Department of Mathematical Sciences, UW-Milwaukee, Milwaukee, WI, United States of America.
Department of Mathematics and Statistics, Utah State University, Logan, UT, United States of America.
PLoS One. 2021 May 3;16(5):e0250963. doi: 10.1371/journal.pone.0250963. eCollection 2021.

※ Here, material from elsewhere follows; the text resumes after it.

(* Let $n\ge1$ be a natural number, let $a,b,\alpha,\beta,\theta$ be variables (with $\beta a-\alpha b\neq0$), and define \[ \Psi_r(n)=\Psi\left(\begin{array}{cc|c} a-\alpha\theta & b-\beta\theta & n \\ \alpha & \beta & r \end{array}\right),\qquad \Phi_r(n)=\Phi\left(\begin{array}{cc|c} a-\alpha\theta & b-\beta\theta & n \\ \alpha & \beta & r \end{array}\right), \] viewed as polynomials in $a,b,\alpha,\beta,\theta$. Then \[ \Psi_r(n)=-\frac{1}{r}\Big(-\frac{\partial}{\partial\theta}\Big)\Psi_{r-1}(n)\ \ (1\le r\le\lfloor n/2\rfloor),\qquad \Phi_r(n)=-\frac{1}{r}\Big(-\frac{\partial}{\partial\theta}\Big)\Phi_{r-1}(n)\ \ (1\le r\le\lfloor (n-1)/2\rfloor). \]
   Context: $\delta(m)=1$ for $m$ odd, $0$ for $m$ even; $\lfloor\cdot\rfloor$ is the floor. For indeterminates $a,b,\alpha,\beta$ and $n\ge1$, $\Psi\left(\begin{array}{cc|c} a & b & n \\ \alpha & \beta & r \end{array}\right)$ ($0\le r\le\lfloor n/2\rfloor$) and $\Phi\left(\begin{array}{cc|c} a & b & n \\ \alpha & \beta & r \end{array}\right)$ ($0\le r\le\lfloor (n-1)/2\rfloor$) are the unique polynomials in $\mathbb{Z}[a,b,\alpha,\beta]$ such that, identically in $x,y$, $(\beta a-\alpha b)^{\lfloor n/2\rfloor}\frac{x^n+y^n}{(x+y)^{\delta(n)}}=\sum_{r}\Psi\left(\begin{array}{cc|c} a & b & n \\ \alpha & \beta & r \end{array}\right)(\alpha x^2+\beta xy+\alpha y^2)^{\lfloor n/2\rfloor-r}(ax^2+bxy+ay^2)^r$ and $(\beta a-\alpha b)^{\lfloor (n-1)/2\rfloor}\frac{x^n-y^n}{(x-y)(x+y)^{\delta(n-1)}}=\sum_{r}\Phi\left(\begin{array}{cc|c} a & b & n \\ \alpha & \beta & r \end{array}\right)(\alpha x^2+\beta xy+\alpha y^2)^{\lfloor (n-1)/2\rfloor-r}(ax^2+bxy+ay^2)^r$. Substituting $a-\alpha\theta$, $b-\beta\theta$ for $a$, $b$ gives polynomials in $a,b,\alpha,\beta,\theta$. *)

theory Defs
  imports Complex_Main
begin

Time-to-event analysis is a common occurrence in political science. In recent years, there has been an increased usage of machine learning methods in quantitative political science research. This article advocates for the implementation of machine learning duration models to assist in a sound model selection process. We provide a brief tutorial introduction to the random survival forest (RSF) algorithm and contrast it to a popular predecessor, the Cox proportional hazards model, with emphasis on methodological utility for political science researchers. We implement both methods for simulated time-to-event data and the Power-Sharing Event Dataset (PSED) to assist researchers in evaluating the merits of machine learning duration models. We provide evidence of significantly higher survival probabilities for peace agreements with 3rd party mediated design and implementation. We also detect increased survival probabilities for peace agreements that incorporate territorial power-sharing and avoid multiple rebel party signatories. Further, the RSF, a previously under-used method for analyzing political science time-to event data, provides a novel approach for ranking of peace agreement criteria importance in predicting peace agreement duration. Our findings demonstrate a scenario exhibiting the interpretability and performance of RSF for political science time-to-event data. These findings justify the robust interpretability and competitive performance of the random survival forest algorithm in numerous circumstances, in addition to promoting a diverse, holistic model-selection process for time-to-event political science data.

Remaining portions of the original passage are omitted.